Namely: target does not need to exist at all and can be replaced by level only, max|min as return value respectively or in some other way, level can be decremented with every found minimum to leave out target, nodes is really clunky way to mark - not found, simply put, if there is k elements in the BST, trere must be k-th minimum or maximum, so before even going into recursion, you can compare target with number of elements in the tree (updated in class variable on every insert/remove)


Adding suffix "Helper" to your methods is redundant with them being private, and it actually makes them bit more obscured.


Avoid using of one letter variable names. Exception would be some math problem where these variables are commented right before use, or indexes in loops.

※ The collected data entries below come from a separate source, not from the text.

(* Let $p$ be an odd prime and let $e$ be a positive integer. Then the largest complexity of a skew morphism of $\mathbb{Z}_{p^e}$ is $2e-1$.
   Context: $\mathbb{Z}_n$ is the cyclic group of integers modulo $n$. A skew morphism of a finite group $G$ is a permutation $\varphi$ of $G$ fixing the identity such that for each $a\in G$ there is a non-negative integer $i_a$ with $\varphi(ab)=\varphi(a)\varphi^{i_a}(b)$ for all $b\in G$. ${\rm ord}(\varphi)$ is the order of $\langle\varphi\rangle$. If $\varphi$ is non-trivial, $\pi_\varphi(a)$ is the unique such $i_a\in\{1,\dots,{\rm ord}(\varphi)-1\}$; if $\varphi$ is the identity, $\pi_\varphi(a)=1$. Let $\sigma_\varphi(x,y)=\sum_{i=0}^{x-1}\pi_\varphi(\varphi^i(y))\in\mathbb{Z}_{{\rm ord}(\varphi)}$. The derived skew morphism $\varphi'$ of a skew morphism $\varphi$ of $\mathbb{Z}_n$ is the skew morphism of $\mathbb{Z}_{{\rm ord}(\varphi)}$ given by $\varphi'(a)=\sigma_\varphi(a,1)$. Set $\varphi^{(0)}=\varphi$, $\varphi^{(i+1)}=(\varphi^{(i)})'$. For $n\ge 2$ the complexity of $\varphi$ is the unique non-negative integer $c$ such that $\varphi^{(c)}$ is a skew morphism of a non-trivial cyclic group and $\varphi^{(c+1)}$ is a skew morphism of $\mathbb{Z}_1$. *)

theory Defs
  imports "HOL-Combinatorics.Permutations" "HOL-Computational_Algebra.Primes"
begin

text \<open>The cyclic group Z_n is represented by the carrier {0..<n} with addition mod n.
  A function on Z_n is represented as a function nat => nat that is the identity
  outside {0..<n} (so that permutations are exactly those satisfying "permutes").\<close>

definition skew_morphism :: "nat \<Rightarrow> (nat \<Rightarrow> nat) \<Rightarrow> bool" where
  "skew_morphism n \<phi> \<longleftrightarrow>
     \<phi> permutes {0..<n} \<and> \<phi> 0 = 0 \<and>
     (\<forall>a<n. \<exists>i. \<forall>b<n. \<phi> ((a + b) mod n) = (\<phi> a + (\<phi> ^^ i) b) mod n)"

definition skew_ord :: "(nat \<Rightarrow> nat) \<Rightarrow> nat" where
  "skew_ord \<phi> = (LEAST k. 0 < k \<and> \<phi> ^^ k = id)"

definition skew_pi :: "nat \<Rightarrow> (nat \<Rightarrow> nat) \<Rightarrow> nat \<Rightarrow> nat" where
  "skew_pi n \<phi> a =
     (if \<phi> = id then 1
      else (THE i. 1 \<le> i \<and> i < skew_ord \<phi> \<and>
              (\<forall>b<n. \<phi> ((a + b) mod n) = (\<phi> a + (\<phi> ^^ i) b) mod n)))"

definition skew_sigma :: "nat \<Rightarrow> (nat \<Rightarrow> nat) \<Rightarrow> nat \<Rightarrow> nat \<Rightarrow> nat" where
  "skew_sigma n \<phi> x y = (\<Sum>i<x. skew_pi n \<phi> ((\<phi> ^^ i) y)) mod skew_ord \<phi>"

text \<open>Derived skew morphism, a function on Z_ord (identity outside {0..<ord}).
  The element 1 of Z_n is 1 mod n.\<close>
definition derived :: "nat \<Rightarrow> (nat \<Rightarrow> nat) \<Rightarrow> (nat \<Rightarrow> nat)" where
  "derived n \<phi> = (\<lambda>a. if a < skew_ord \<phi> then skew_sigma n \<phi> a (1 mod n) else a)"

definition deriv_step :: "nat \<times> (nat \<Rightarrow> nat) \<Rightarrow> nat \<times> (nat \<Rightarrow> nat)" where
  "deriv_step x = (skew_ord (snd x), derived (fst x) (snd x))"

definition complexity :: "nat \<Rightarrow> (nat \<Rightarrow> nat) \<Rightarrow> nat" where
  "complexity n \<phi> =
     (THE c. 2 \<le> fst ((deriv_step ^^ c) (n, \<phi>)) \<and> fst ((deriv_step ^^ Suc c) (n, \<phi>)) = 1)"

end

theory Submission
  imports Defs "HOL-Combinatorics.Cycles"
begin

text \<open>
  A power of a skew morphism \<open>\<phi>\<close> of \<open>Z_n\<close> that fixes the generator \<open>1\<close> is
  the identity, and the orbit of \<open>1\<close> misses \<open>0\<close>; hence \<open>ord \<phi> < n\<close>. Moreover \<open>ord \<phi>'\<close>
  divides \<open>n\<close>. So two derivation steps lead from \<open>Z_(p ^ e)\<close> to some \<open>Z_(p ^ e')\<close> with
  \<open>e' < e\<close>, and after \<open>2 e\<close> steps the group is trivial.

  Let \<open>s = (p - 1)\<^sup>2\<close> and \<open>S x = \<Sum>k<x. s ^ k\<close>. As \<open>s \<equiv> 1 (mod p)\<close>, \<open>S\<close> is
  a bijection of \<open>Z_(p ^ e)\<close> with \<open>S (a + b) = S a + s ^ a * S b\<close>, and transporting
  multiplication by \<open>p - 1\<close> along \<open>S\<close> gives a skew morphism \<open>phi_e\<close> of \<open>Z_(p ^ e)\<close> with
  power function \<open>1 + 2 a + (2 p ^ (e - 1) - 2) phi_e(a)\<close>. Its second derived skew morphism is
  \<open>phi_(e - 1)\<close>, and \<open>phi_1 \<noteq> id\<close>, so \<open>phi_e\<close> reaches \<open>Z_1\<close> only after \<open>2 e\<close> steps.
\<close>

lemma add_mod_cancel_less:
  fixes n :: nat
  assumes "x < n" "y < n" "(a + x) mod n = (a + y) mod n"
  shows "x = y"
proof -
  have "x mod n = y mod n"
    using assms(3) by (simp add: nat_mod_eq_iff)
  then show ?thesis
    using assms(1,2) by simp
qed

lemma add_mod_eq_imp_dvd:
  fixes a b n :: nat
  assumes "(a + b) mod n = a mod n"
  shows "n dvd b"
  using assms mod_eq_dvd_iff_nat[of a "a + b" n] by simp

lemma mod_mult_cancel_coprime:
  fixes a x y n :: nat
  assumes "coprime a n" "(a * x) mod n = (a * y) mod n"
  shows "x mod n = y mod n"
proof -
  have "int (a * x) mod int n = int (a * y) mod int n"
    using assms(2) by (metis of_nat_mod)
  then have "int n dvd int a * (int x - int y)"
    by (simp add: mod_eq_dvd_iff algebra_simps)
  moreover have "coprime (int n) (int a)"
    using assms(1) by (simp add: coprime_commute)
  ultimately have "int n dvd int x - int y"
    using coprime_dvd_mult_right_iff by blast
  then show ?thesis
    by (metis mod_eq_dvd_iff of_nat_eq_iff of_nat_mod)
qed

lemma skew_ord_le: "0 < k \<Longrightarrow> g ^^ k = id \<Longrightarrow> skew_ord g \<le> k"
  unfolding skew_ord_def by (rule Least_le) simp

lemma
  assumes "permutation g"
  shows skew_ord_pos: "0 < skew_ord g" and funpow_skew_ord: "g ^^ skew_ord g = id"
proof -
  have "\<exists>k. 0 < k \<and> g ^^ k = id"
    using permutation_is_nilpotent[OF assms] by blast
  then have "0 < skew_ord g \<and> g ^^ skew_ord g = id"
    unfolding skew_ord_def by (rule LeastI_ex)
  then show "0 < skew_ord g" "g ^^ skew_ord g = id" by auto
qed

lemma funpow_mod_skew_ord:
  assumes "permutation g"
  shows "g ^^ (a mod skew_ord g) = g ^^ a"
proof -
  have "g ^^ (skew_ord g * (a div skew_ord g)) = id"
    by (simp add: funpow_mult[symmetric] funpow_skew_ord[OF assms])
  moreover have "g ^^ a = g ^^ (a mod skew_ord g) \<circ> g ^^ (skew_ord g * (a div skew_ord g))"
    by (simp flip: funpow_add)
  ultimately show ?thesis by simp
qed

lemma skew_ord_dvd_iff:
  assumes "permutation g"
  shows "skew_ord g dvd k \<longleftrightarrow> g ^^ k = id"
proof
  assume "skew_ord g dvd k"
  then show "g ^^ k = id"
    using funpow_mod_skew_ord[OF assms, of k] by simp
next
  assume "g ^^ k = id"
  then have "g ^^ (k mod skew_ord g) = id"
    by (simp add: funpow_mod_skew_ord[OF assms])
  show "skew_ord g dvd k"
  proof (rule ccontr)
    assume "\<not> skew_ord g dvd k"
    then have "skew_ord g \<le> k mod skew_ord g"
      using skew_ord_le \<open>g ^^ (k mod skew_ord g) = id\<close> by (simp add: dvd_eq_mod_eq_0)
    then show False
      using mod_less_divisor[OF skew_ord_pos[OF assms], of k] by simp
  qed
qed

lemma funpow_eq_iff_mod_skew_ord:
  assumes "permutation g"
  shows "g ^^ a = g ^^ b \<longleftrightarrow> a mod skew_ord g = b mod skew_ord g"
proof -
  have *: "g ^^ a = g ^^ b \<longleftrightarrow> a mod skew_ord g = b mod skew_ord g" if "a \<le> b" for a b
  proof -
    have "g ^^ b = g ^^ (b - a) \<circ> g ^^ a"
      using that by (simp flip: funpow_add)
    moreover have "bij (g ^^ a)"
      by (simp add: assms permutation_bijective)
    ultimately have "g ^^ a = g ^^ b \<longleftrightarrow> g ^^ (b - a) = id"
      by (metis bij_is_surj id_comp surj_fun_eq)
    also have "\<dots> \<longleftrightarrow> a mod skew_ord g = b mod skew_ord g"
      using skew_ord_dvd_iff[OF assms, of "b - a"] mod_eq_dvd_iff_nat[OF that, of "skew_ord g"]
      by auto
    finally show ?thesis .
  qed
  show ?thesis
    using *[of a b] *[of b a] by (cases "a \<le> b") auto
qed

lemma skew_ord_id: "skew_ord id = 1"
  using skew_ord_le[of 1 id] skew_ord_pos[OF permutation_id] by simp

lemma skew_ord_ge_2:
  assumes "permutation g" "g \<noteq> id"
  shows "2 \<le> skew_ord g"
  using skew_ord_pos[OF assms(1)] funpow_skew_ord[OF assms(1)] assms(2)
  by (cases "skew_ord g = 1") auto

lemma skew_morphism_1_eq_id: "skew_morphism 1 g \<Longrightarrow> g = id"
  unfolding skew_morphism_def permutes_def by (metis atLeastLessThan_iff eq_id_iff less_one)


section \<open>Skew morphisms of cyclic groups\<close>

locale skew_morphism_Zn =
  fixes n :: nat and f :: "nat \<Rightarrow> nat"
  assumes skew: "skew_morphism n f" and n_pos: "0 < n"
begin

abbreviation "m \<equiv> skew_ord f"
abbreviation "\<pi> \<equiv> skew_pi n f"
abbreviation "D \<equiv> derived n f"

lemma f_permutes: "f permutes {0..<n}"
  and f_0: "f 0 = 0"
  and skew_law_ex: "a < n \<Longrightarrow> \<exists>i. \<forall>b<n. f ((a + b) mod n) = (f a + (f ^^ i) b) mod n"
  using skew unfolding skew_morphism_def by auto

lemma permutation_f: "permutation f"
  using f_permutes permutation_permutes by blast

lemma m_pos: "0 < m"
  using skew_ord_pos[OF permutation_f] .

lemma funpow_m: "f ^^ m = id"
  using funpow_skew_ord[OF permutation_f] .

lemma funpow_mod_m: "f ^^ (a mod m) = f ^^ a"
  using funpow_mod_skew_ord[OF permutation_f] .

lemma funpow_less: "x < n \<Longrightarrow> (f ^^ k) x < n"
  using permutes_in_image[OF permutes_funpow[OF f_permutes]] by auto

lemma funpow_fixes_0: "(f ^^ k) 0 = 0"
  by (induction k) (simp_all add: f_0)

lemma mod_m_eqI:
  assumes "\<And>y. y < n \<Longrightarrow> (f ^^ i) y = (f ^^ j) y"
  shows "i mod m = j mod m"
proof -
  have "f ^^ i = f ^^ j"
  proof
    fix y
    show "(f ^^ i) y = (f ^^ j) y"
      using assms permutes_not_in[OF permutes_funpow[OF f_permutes]] by (cases "y < n") auto
  qed
  then show ?thesis
    using funpow_eq_iff_mod_skew_ord[OF permutation_f] by simp
qed

lemma skew_law_mod_m_unique:
  assumes "a < n"
    and "\<forall>b<n. f ((a + b) mod n) = (f a + (f ^^ i) b) mod n"
    and "\<forall>b<n. f ((a + b) mod n) = (f a + (f ^^ j) b) mod n"
  shows "i mod m = j mod m"
proof (rule mod_m_eqI)
  fix y assume "y < n"
  then have "(f a + (f ^^ i) y) mod n = (f a + (f ^^ j) y) mod n"
    using assms by auto
  then show "(f ^^ i) y = (f ^^ j) y"
    using add_mod_cancel_less funpow_less \<open>y < n\<close> by blast
qed

text \<open>Putting \<open>b = n - a\<close> shows \<open>f a = a\<close>; so \<open>f\<close> is a translation fixing \<open>0\<close>.\<close>
lemma skew_law_trivial_imp_id:
  assumes a: "a < n" and law: "\<forall>b<n. f ((a + b) mod n) = (f a + b) mod n"
  shows "f = id"
proof -
  have fa: "f a = a"
  proof (cases "a = 0")
    case True
    then show ?thesis using f_0 by simp
  next
    case False
    then have "0 = (f a + (n - a)) mod n"
      using law[rule_format, of "n - a"] a f_0 by simp
    also have "0 = (a + (n - a)) mod n"
      using a by simp
    finally show ?thesis
      using add_mod_cancel_less[of "f a" n a "n - a"] funpow_less[of a 1] a by (simp add: add.commute)
  qed
  show ?thesis
  proof
    fix y
    show "f y = id y"
    proof (cases "y < n")
      case True
      have "(a + (y + (n - a)) mod n) mod n = y"
        using True a by (simp add: mod_add_right_eq)
      then show ?thesis
        using law[rule_format, of "(y + (n - a)) mod n"] fa n_pos by simp
    next
      case False
      then show ?thesis
        using permutes_not_in[OF f_permutes] by simp
    qed
  qed
qed

lemma skew_pi_eqI:
  assumes "f \<noteq> id" "a < n" "1 \<le> i" "i < m"
    and "\<forall>b<n. f ((a + b) mod n) = (f a + (f ^^ i) b) mod n"
  shows "\<pi> a = i"
  unfolding skew_pi_def
proof (simp add: assms(1), rule the_equality)
  show "Suc 0 \<le> i \<and> i < m \<and> (\<forall>b<n. f ((a + b) mod n) = (f a + (f ^^ i) b) mod n)"
    using assms by simp
  fix j assume j: "Suc 0 \<le> j \<and> j < m \<and> (\<forall>b<n. f ((a + b) mod n) = (f a + (f ^^ j) b) mod n)"
  then have "j mod m = i mod m"
    using skew_law_mod_m_unique[OF assms(2), of j i] assms(5) by blast
  then show "j = i"
    using j assms(4) by simp
qed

It is common convention to have names of methods start with lower case letter, while upper case is for classes. this way, you should have kthMax. For class Bst or better, since it is abbreviation, BST or for clarity, since BST can be anything, BinarySearchTree.


It would be really complicated to work around level and isFound being returned. In this case, search state class seems to be a good idea.

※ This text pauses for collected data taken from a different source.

lemma sip_self_eq_0_imp_eq_0:
  assumes "sip N p lam mu j d d = 0" "degree d \<le> N" "0 < p" "p < 1" "0 < lam" "0 < mu"
  shows "d = 0"
proof (rule ccontr)
  assume "d \<noteq> 0"
  let ?S = "\<Sum>x\<le>N. poly d (real x) * poly d (real x) * bweight N p x"
  have terms_nonneg: "\<And>x. x \<in> {..N} \<Longrightarrow> 0 \<le> poly d (real x) * poly d (real x) * bweight N p x"
    using bweight_pos[of _ N p] assms by (intro mult_nonneg_nonneg zero_le_square less_imp_le) auto
  have "0 \<le> ?S"
    using terms_nonneg by (rule sum_nonneg)
  moreover have "0 \<le> lam * fdiffs j (poly d) 0 * fdiffs j (poly d) 0"
    "0 \<le> mu * fdiffs j (poly d) (real N) * fdiffs j (poly d) (real N)"
    using assms(5,6) by (simp_all add: mult.assoc)
  ultimately have "?S = 0"
    using assms(1) unfolding sip_def by linarith
  then have "\<forall>x\<in>{..N}. poly d (real x) * poly d (real x) * bweight N p x = 0"
    using terms_nonneg by (subst sum_nonneg_eq_0_iff[symmetric]) auto
  then have "\<And>x. x \<le> N \<Longrightarrow> poly d (real x) = 0"
    using bweight_pos[of _ N p] assms by fastforce
  then have "real ` {..N} \<subseteq> {x. poly d x = 0}"
    by auto
  then have "card (real ` {..N}) \<le> card {x. poly d x = 0}"
    by (rule card_mono[OF poly_roots_finite[OF \<open>d \<noteq> 0\<close>]])
  also have "\<dots> \<le> degree d"
    by (rule card_poly_roots_bound[OF \<open>d \<noteq> 0\<close>])
  finally show False
    using assms(2) by (simp add: card_image)
qed

(* Phi1 and Phi2 solve the linear system characterising the j-th differences of KS_n at
   0 and N; its determinant is deltaS. *)
lemma solve_2x2_system:
  fixes d0 dN a b c e lam mu D :: real
  assumes "D \<noteq> 0" "D = (1 + lam * a) * (1 + mu * e) - lam * mu * b * c"
  shows "d0 - lam * ((d0 * (1 + mu * e) - mu * b * dN) / D) * a - mu * (((1 + lam * a) * dN - lam * c * d0) / D) * b
         = (d0 * (1 + mu * e) - mu * b * dN) / D"
    and "dN - lam * ((d0 * (1 + mu * e) - mu * b * dN) / D) * c - mu * (((1 + lam * a) * dN - lam * c * d0) / D) * e
         = ((1 + lam * a) * dN - lam * c * d0) / D"
proof -
  let ?X = "d0 * (1 + mu * e) - mu * b * dN" and ?Y = "(1 + lam * a) * dN - lam * c * d0"
  have X: "?X / D * D = ?X" and Y: "?Y / D * D = ?Y"
    using assms(1) by simp_all
  have "(d0 - lam * (?X / D) * a - mu * (?Y / D) * b) * D = d0 * D - lam * a * (?X / D * D) - mu * b * (?Y / D * D)"
    by (simp add: algebra_simps)
  also have "\<dots> = ?X"
    unfolding X Y by (simp add: assms(2) algebra_simps)
  finally show "d0 - lam * (?X / D) * a - mu * (?Y / D) * b = ?X / D"
    using assms(1) by (simp add: nonzero_eq_divide_eq)
  have "(dN - lam * (?X / D) * c - mu * (?Y / D) * e) * D = dN * D - lam * c * (?X / D * D) - mu * e * (?Y / D * D)"
    by (simp add: algebra_simps)
  also have "\<dots> = ?Y"
    unfolding X Y by (simp add: assms(2) algebra_simps)
  finally show "dN - lam * (?X / D) * c - mu * (?Y / D) * e = ?Y / D"
    using assms(1) by (simp add: nonzero_eq_divide_eq)
qed

lemma defined_atD:
  assumes "defined_at N j t"
  shows "ffall t (Suc j) \<noteq> 0" "ffall (t - real N) (Suc j) \<noteq> 0"
    "ffall (t - 1) (Suc j) \<noteq> 0" "ffall (t - 1 - real N) (Suc j) \<noteq> 0"
  using assms by (auto simp: defined_at_def)

(* The three-term recurrence rewrites c K_(m-1) + d K_(m-2) in the basis K_m, K_(m-1);
   this is the origin of the formulas for C2, D2 and E2, F2. *)
lemma recombine_by_recurrence:
  fixes t v c d Km Km1 Km2 al b ib :: real
  assumes "b * ib = 1" "v = c * Km1 + d * Km2" "t * Km1 = Km + al * Km1 + b * Km2"
  shows "v = (- d * ib) * Km + (c + (- d * ib) * (al - t)) * Km1"
  using assms by algebra

(* The same for x nabla (c K_m + d K_(m-1)), using the backward-difference relations of K_m
   and K_(m-1); this is the origin of the formulas for E1, F1. *)
lemma recombine_backward_diff_by_recurrence:
  fixes t c c0 d d0 Km Km0 Km1 Km10 Km2 m al b ib q NN :: real
  assumes "b * ib = 1"
    "t * Km - t * Km0 = m * Km + m * q * (NN - m + 1) * Km1"
    "t * Km1 - t * Km10 = (m - 1) * Km1 + (m - 1) * q * (NN - m + 2) * Km2"
    "t * Km1 = Km + al * Km1 + b * Km2"
  shows "t * ((c * Km + d * Km1) - (c0 * Km0 + d0 * Km10)) =
    (t * (c - c0) + m * c0 - (m - 1) * q * (NN - m + 2) * d0 * ib) * Km
    + (t * (d - d0) + m * q * (NN - m + 1) * c0 + (m - 1) * q * (NN - m + 2) * (t - al) * d0 * ib + (m - 1) * d0) * Km1"
  using assms by algebra

(* Cramer's rule eliminating the basis a = K_n, b = K_(n-1); with u = KS_n and
   v = KS_(n-1) this is the first-order system with coefficients Theta_n and Lambda_n. *)
lemma eliminate_basis_2x2:
  fixes t u u0 v v0 c1 d1 c2 d2 e1 f1 e2 f2 a b :: real
  assumes "u = c1 * a + d1 * b" "v = c2 * a + d2 * b"
    "t * (u - u0) = e1 * a + f1 * b" "t * (v - v0) = e2 * a + f2 * b"
  shows "t * (c1 * d2 - c2 * d1) * (u - u0) = (e1 * d2 - f1 * c2) * u - (e1 * d1 - f1 * c1) * v"
    "t * (c1 * d2 - c2 * d1) * (v - v0) = (e2 * d2 - f2 * c2) * u - (e2 * d1 - f2 * c1) * v"
  using assms by algebra+

(* Solving the first equation at x+1 for v1 (division by L11 = Lambda_n(x+1;1,1)) and the
   second one for v0, the first equation at x becomes free of KS_(n-1). *)
lemma second_order_elimination:
  fixes T T0 L11 L11' L12 L21 L21' L22 u0 u1 u2 v0 v1 :: real
  assumes "L11 \<noteq> 0"
    and "T * (u2 - u1) = - L21 * u2 + L11 * v1"
    and "T0 * (u1 - u0) = - L21' * u1 + L11' * v0"
    and "T * (v1 - v0) = L22 * u2 - L12 * v1"
  defines "H \<equiv> T * (L21 - L21') + L12 * L21 - (L11 - L11') * L21 * (T + L12) / L11 - L11' * L22"
  shows "T * T0 * ((u2 - u1) - (u1 - u0))
     + (T * ((T - T0) + L21' + L12) - (L11 - L11') * (T + L12) * T / L11 + H) * (u2 - u1) + H * u1 = 0"
proof -
  define r where "r = (L11 - L11') / L11"
  have "r * L11 = L11 - L11'"
    using assms(1) by (simp add: r_def)
  moreover have "(L11 - L11') * (T + L12) * T / L11 = r * (T + L12) * T"
    and "H = T * (L21 - L21') + L12 * L21 - r * L21 * (T + L12) - L11' * L22"
    by (simp_all add: r_def H_def)
  ultimately show ?thesis
    using assms(2-4) by algebra
qed

locale kravchuk_sobolev =
  fixes N :: nat and p lam mu :: real and j n :: nat
  assumes p_pos: "0 < p" and p_less_1: "p < 1" and lam_pos: "0 < lam" and mu_pos: "0 < mu"
    and n_pos: "1 \<le> n" and n_le_N: "n \<le> N"
begin

abbreviation "kernel_jj x y \<equiv> kker N p (n - 1) j j x y"

lemma deltaS_pos: "0 < deltaS N p lam mu j n"
proof -
  define u where "u k = fdiffs j (krav N p k) 0 / sqrt (knorm2 N p k)" for k
  define v where "v k = fdiffs j (krav N p k) (real N) / sqrt (knorm2 N p k)" for k
  have h_pos: "0 < knorm2 N p k" if "k \<in> {..n - 1}" for k
    using knorm2_pos[of k N p] that n_pos n_le_N p_pos p_less_1 by auto
  have "kernel_jj 0 0 = (\<Sum>k\<le>n - 1. (u k)\<^sup>2)" "kernel_jj (real N) (real N) = (\<Sum>k\<le>n - 1. (v k)\<^sup>2)"
    "kernel_jj 0 (real N) = (\<Sum>k\<le>n - 1. u k * v k)" "kernel_jj (real N) 0 = (\<Sum>k\<le>n - 1. u k * v k)"
    unfolding kker_def u_def v_def using h_pos
    by (auto intro!: sum.cong simp: power2_eq_square real_sqrt_mult[symmetric] abs_of_pos)
  moreover have "(\<Sum>k\<le>n - 1. u k * v k)\<^sup>2 \<le> (\<Sum>k\<le>n - 1. (u k)\<^sup>2) * (\<Sum>k\<le>n - 1. (v k)\<^sup>2)"
    by (rule Cauchy_Schwarz_ineq_sum)
  ultimately have "0 \<le> lam * mu * (kernel_jj 0 0 * kernel_jj (real N) (real N) - kernel_jj 0 (real N) * kernel_jj (real N) 0)"
    and "0 \<le> lam * kernel_jj 0 0" "0 \<le> mu * kernel_jj (real N) (real N)"
    using lam_pos mu_pos by (simp_all add: power2_eq_square sum_nonneg)
  then show ?thesis
    unfolding deltaS_def by (simp add: algebra_simps)
qed

definition ks_explicit :: "real poly" where
  "ks_explicit = krav_poly N p n
     - smult (lam * Phi1 N p lam mu j n) (kernel_poly N p (n - 1) j 0)
     - smult (mu * Phi2 N p lam mu j n) (kernel_poly N p (n - 1) j (real N))"

lemma poly_ks_explicit:
  "poly ks_explicit = (\<lambda>x. krav N p n x - lam * Phi1 N p lam mu j n * kker N p (n - 1) 0 j x 0
     - mu * Phi2 N p lam mu j n * kker N p (n - 1) 0 j x (real N))"
  by (simp add: fun_eq_iff ks_explicit_def poly_kernel_poly poly_krav_poly)

lemma degree_ks_explicit: "degree ks_explicit = n" and lead_coeff_ks_explicit: "lead_coeff ks_explicit = 1"
proof -
  let ?R = "smult (lam * Phi1 N p lam mu j n) (kernel_poly N p (n - 1) j 0)
     + smult (mu * Phi2 N p lam mu j n) (kernel_poly N p (n - 1) j (real N))"
  have split: "ks_explicit = krav_poly N p n - ?R"
    by (simp add: ks_explicit_def)
  have "degree ?R \<le> n - 1"
    by (intro degree_add_le order.trans[OF degree_smult_le] degree_kernel_poly)
  then have low: "degree ?R < n"
    using n_pos by simp
  have top: "degree (krav_poly N p n) = n" "lead_coeff (krav_poly N p n) = 1"
    using degree_krav_poly coeff_krav_poly_top n_le_N p_pos by auto
  have "degree (krav_poly N p n + - ?R) = n"
    by (subst degree_add_eq_left) (simp_all only: degree_minus top low)
  then show degree: "degree ks_explicit = n"
    by (simp only: split diff_conv_add_uminus)
  have "coeff ?R n = 0"
    using low by (intro coeff_eq_0) simp
  then show "lead_coeff ks_explicit = 1"
    using degree top by (simp add: split)
qed

lemma fdiffs_ks_explicit:
  "fdiffs j (poly ks_explicit) y = fdiffs j (krav N p n) y
     - lam * Phi1 N p lam mu j n * kernel_jj y 0 - mu * Phi2 N p lam mu j n * kernel_jj y (real N)"
  by (simp add: poly_ks_explicit fdiffs_diff fdiffs_cmult fdiffs_kker_left)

private class SearchState{
    public int level;
    public boolean found = false;
    public final boolean isMin;
    public int value = 0;

    public SearchState(boolean isMin, int level){
        this.isMin = isMin;
        this.level = level;
    }

    public Node first(Node in){
        return isMin?in.left:in.right;
    }

    public Node last(Node in){
        return isMin?in.right:in.left;
    }

    public void check(Node in){
        if (this.level == 0) {
            this.value = in.data;
            this.found = true;
        }
        this.level--;
    }
}

As you can see, it contains all necessary information and methods for distinguishing between min and max search.

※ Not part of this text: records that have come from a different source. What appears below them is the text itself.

(* Let $q$ be a prime power and $n\ge0$. Let $s_A(n,q)$, $c_A(n,q)$, $ss_A(n,q)$ be the proportions of separable, cyclic, and semisimple elements of $A(n,q)$, respectively. Then \[ s_A(n,q)\le ss_A(n,q)\le s_A(n,q)+(1-c_A(n,q)). \]
   Context: $A(n,q)$ is the group of matrices $x\in GL(n+1,q)$ with $x_{11}=1$ and $x_{j1}=0$ for $j\ge2$, viewed in $GL(n+1,q)$. A matrix is separable if its characteristic polynomial is square-free, cyclic if its minimal polynomial equals its characteristic polynomial, and semisimple if it is diagonalizable over the algebraic closure of $\mathbb{F}_q$. *)

theory Defs
  imports "Jordan_Normal_Form.Jordan_Normal_Form" "HOL-Algebra.Algebraic_Closure_Type"
    "HOL-Computational_Algebra.Squarefree"
begin

definition poly_mat_eval :: "'a::comm_ring_1 poly \<Rightarrow> 'a mat \<Rightarrow> 'a mat" where
  "poly_mat_eval p M = mat (dim_row M) (dim_col M)
     (\<lambda>(i,j). \<Sum>k\<le>Polynomial.degree p. Polynomial.coeff p k * (M ^\<^sub>m k) $$ (i,j))"

definition minimal_poly :: "'a::field mat \<Rightarrow> 'a poly" where
  "minimal_poly M = (THE p. monic p \<and> poly_mat_eval p M = 0\<^sub>m (dim_row M) (dim_col M) \<and>
      (\<forall>r. r \<noteq> 0 \<longrightarrow> poly_mat_eval r M = 0\<^sub>m (dim_row M) (dim_col M) \<longrightarrow> Polynomial.degree p \<le> Polynomial.degree r))"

Unified method for search of kth number would be then

private void kthRecursion(Node node, SearchState state) {
    if (state.found || node==null) {
        return;
    }

    kthRecursion(state.first(node), state);

    state.check(node);

    kthRecursion(state.last(node), state);
}

and its use

public int kthMin(int k){
    return kthInit(k, true);
}

public int kthMax(int k){
    return kthInit(k, false);
}

private int kthInit(int k, boolean isMin){
    if(k>size || k<=0){
        throw new Exception("Invalid argument "+k+"!");
    }

    SearchState state = new SearchState(isMin, k-1);
    kthNumber(root, state);
    return state.value;
}

Do not know whether this code works, since I do not have rest of your class, but it should work. Please let me know if it does not along with remaining parts of your class so I can fix it.

Hope it helps, regards.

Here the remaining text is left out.